Stored items:
(* For all integers $k\geq 1$ and $n\geq 3$ with $(k,n)\neq(1,5)$, $\chi_i(C_{4k}\Box C_n)\leq 6$.
   Context: For a graph $G$, an incidence is a pair $(v,e)$ with $v\in V(G)$, $e\in E(G)$ and $v$ incident with $e$. Two incidences $(v,e)$ and $(w,f)$ are adjacent if $v=w$, or $e=f$, or the edge $vw$ equals $e$ or $f$. An incidence $k$-coloring of $G$ is a map from the set of incidences of $G$ to a set of $k$ colors such that adjacent incidences receive distinct colors; the incidence chromatic number $\chi_i(G)$ is the least such $k$. $C_n$ denotes the cycle on $n$ vertices and $\Box$ the Cartesian product of graphs: $G\Box H$ has vertex set $V(G)\times V(H)$, with $(u_1,v_1)$ adjacent to $(u_2,v_2)$ iff either $u_1=u_2$ and $v_1v_2\in E(H)$, or $v_1=v_2$ and $u_1u_2\in E(G)$. *)

theory Defs
  imports Main
begin

text \<open>A simple graph is represented by its edge set: a set of 2-element vertex sets.
Incidences only depend on the edges.\<close>

definition incidences :: "'a set set \<Rightarrow> ('a \<times> 'a set) set" where
  "incidences E = {(v, e). e \<in> E \<and> v \<in> e}"

definition adjacent_incidences :: "'a \<times> 'a set \<Rightarrow> 'a \<times> 'a set \<Rightarrow> bool" where
  "adjacent_incidences p q =
     (case p of (v, e) \<Rightarrow> case q of (w, f) \<Rightarrow>
        v = w \<or> e = f \<or> {v, w} = e \<or> {v, w} = f)"

definition incidence_coloring :: "'a set set \<Rightarrow> nat \<Rightarrow> ('a \<times> 'a set \<Rightarrow> nat) \<Rightarrow> bool" where
  "incidence_coloring E k c \<longleftrightarrow>
     (\<forall>p \<in> incidences E. c p < k) \<and>
     (\<forall>p \<in> incidences E. \<forall>q \<in> incidences E.
        p \<noteq> q \<and> adjacent_incidences p q \<longrightarrow> c p \<noteq> c q)"

definition incidence_chromatic_number :: "'a set set \<Rightarrow> nat" where
  "incidence_chromatic_number E = (LEAST k. \<exists>c. incidence_coloring E k c)"

text \<open>The cycle C_n on vertex set {0..<n} (meaningful for n >= 3).\<close>
definition cycle_edges :: "nat \<Rightarrow> nat set set" where
  "cycle_edges n = {{i, Suc i mod n} | i. i < n}"

definition cart_prod_edges ::
  "'a set \<Rightarrow> 'a set set \<Rightarrow> 'b set \<Rightarrow> 'b set set \<Rightarrow> ('a \<times> 'b) set set" where
  "cart_prod_edges V1 E1 V2 E2 =
     {{(u, v), (u, v')} | u v v'. u \<in> V1 \<and> {v, v'} \<in> E2} \<union>
     {{(u, v), (u', v)} | u u' v. {u, u'} \<in> E1 \<and> v \<in> V2}"

end

theory Submission
  imports Defs
begin

text \<open>Colour each incidence \<open>(v, {v, w})\<close> of the torus \<open>C\<^sub>m \<box> C\<^sub>n\<close> by a colour depending
  only on \<open>v\<close> and on the direction (one of four) in which \<open>w\<close> lies. This is a proper incidence
  colouring as soon as the four directions at every vertex get distinct colours and the colour of
  \<open>(v, {v, w})\<close> differs from the four colours at \<open>w\<close>. Such local colourings with six colours are
  obtained from finitely many tiles: for \<open>m = 4k\<close> and \<open>n = 3p + 4q\<close> the colouring is 4-periodic
  along the rows and assembled from blocks of three and four columns; for \<open>n = 5\<close> and \<open>k \<ge> 2\<close>,
  i.e. \<open>4k = 8a + 12b\<close>, it is assembled from blocks of eight and twelve rows. The finitely many
  compatibility conditions between neighbouring tiles are checked by evaluation.\<close>

definition torus_nbr :: "nat \<Rightarrow> nat \<Rightarrow> nat \<times> nat \<Rightarrow> nat \<Rightarrow> nat \<times> nat" where
  "torus_nbr m n v d =
     (case v of (i, j) \<Rightarrow>
        if d = 0 then (Suc i mod m, j)
        else if d = 1 then ((if i = 0 then m else i) - 1, j)
        else if d = 2 then (i, Suc j mod n)
        else (i, (if j = 0 then n else j) - 1))"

### Task
Every entry shown above should be written out again without a single difference.

### Written response
(* For all integers $k\geq 1$ and $n\geq 3$ with $(k,n)\neq(1,5)$, $\chi_i(C_{4k}\Box C_n)\leq 6$.
   Context: For a graph $G$, an incidence is a pair $(v,e)$ with $v\in V(G)$, $e\in E(G)$ and $v$ incident with $e$. Two incidences $(v,e)$ and $(w,f)$ are adjacent if $v=w$, or $e=f$, or the edge $vw$ equals $e$ or $f$. An incidence $k$-coloring of $G$ is a map from the set of incidences of $G$ to a set of $k$ colors such that adjacent incidences receive distinct colors; the incidence chromatic number $\chi_i(G)$ is the least such $k$. $C_n$ denotes the cycle on $n$ vertices and $\Box$ the Cartesian product of graphs: $G\Box H$ has vertex set $V(G)\times V(H)$, with $(u_1,v_1)$ adjacent to $(u_2,v_2)$ iff either $u_1=u_2$ and $v_1v_2\in E(H)$, or $v_1=v_2$ and $u_1u_2\in E(G)$. *)

theory Defs
  imports Main
begin

text \<open>A simple graph is represented by its edge set: a set of 2-element vertex sets.
Incidences only depend on the edges.\<close>

definition incidences :: "'a set set \<Rightarrow> ('a \<times> 'a set) set" where
  "incidences E = {(v, e). e \<in> E \<and> v \<in> e}"

definition adjacent_incidences :: "'a \<times> 'a set \<Rightarrow> 'a \<times> 'a set \<Rightarrow> bool" where
  "adjacent_incidences p q =
     (case p of (v, e) \<Rightarrow> case q of (w, f) \<Rightarrow>
        v = w \<or> e = f \<or> {v, w} = e \<or> {v, w} = f)"

definition incidence_coloring :: "'a set set \<Rightarrow> nat \<Rightarrow> ('a \<times> 'a set \<Rightarrow> nat) \<Rightarrow> bool" where
  "incidence_coloring E k c \<longleftrightarrow>
     (\<forall>p \<in> incidences E. c p < k) \<and>
     (\<forall>p \<in> incidences E. \<forall>q \<in> incidences E.
        p \<noteq> q \<and> adjacent_incidences p q \<longrightarrow> c p \<noteq> c q)"

definition incidence_chromatic_number :: "'a set set \<Rightarrow> nat" where
  "incidence_chromatic_number E = (LEAST k. \<exists>c. incidence_coloring E k c)"

text \<open>The cycle C_n on vertex set {0..<n} (meaningful for n >= 3).\<close>
definition cycle_edges :: "nat \<Rightarrow> nat set set" where
  "cycle_edges n = {{i, Suc i mod n} | i. i < n}"

definition cart_prod_edges ::
  "'a set \<Rightarrow> 'a set set \<Rightarrow> 'b set \<Rightarrow> 'b set set \<Rightarrow> ('a \<times> 'b) set set" where
  "cart_prod_edges V1 E1 V2 E2 =
     {{(u, v), (u, v')} | u v v'. u \<in> V1 \<and> {v, v'} \<in> E2} \<union>
     {{(u, v), (u', v)} | u u' v. {u, u'} \<in> E1 \<and> v \<in> V2}"

end

theory Submission
  imports Defs
begin

text \<open>Colour each incidence \<open>(v, {v, w})\<close> of the torus \<open>C\<^sub>m \<box> C\<^sub>n\<close> by a colour depending
  only on \<open>v\<close> and on the direction (one of four) in which \<open>w\<close> lies. This is a proper incidence
  colouring as soon as the four directions at every vertex get distinct colours and the colour of
  \<open>(v, {v, w})\<close> differs from the four colours at \<open>w\<close>. Such local colourings with six colours are
  obtained from finitely many tiles: for \<open>m = 4k\<close> and \<open>n = 3p + 4q\<close> the colouring is 4-periodic
  along the rows and assembled from blocks of three and four columns; for \<open>n = 5\<close> and \<open>k \<ge> 2\<close>,
  i.e. \<open>4k = 8a + 12b\<close>, it is assembled from blocks of eight and twelve rows. The finitely many
  compatibility conditions between neighbouring tiles are checked by evaluation.\<close>

definition torus_nbr :: "nat \<Rightarrow> nat \<Rightarrow> nat \<times> nat \<Rightarrow> nat \<Rightarrow> nat \<times> nat" where
  "torus_nbr m n v d =
     (case v of (i, j) \<Rightarrow>
        if d = 0 then (Suc i mod m, j)
        else if d = 1 then ((if i = 0 then m else i) - 1, j)
        else if d = 2 then (i, Suc j mod n)
        else (i, (if j = 0 then n else j) - 1))"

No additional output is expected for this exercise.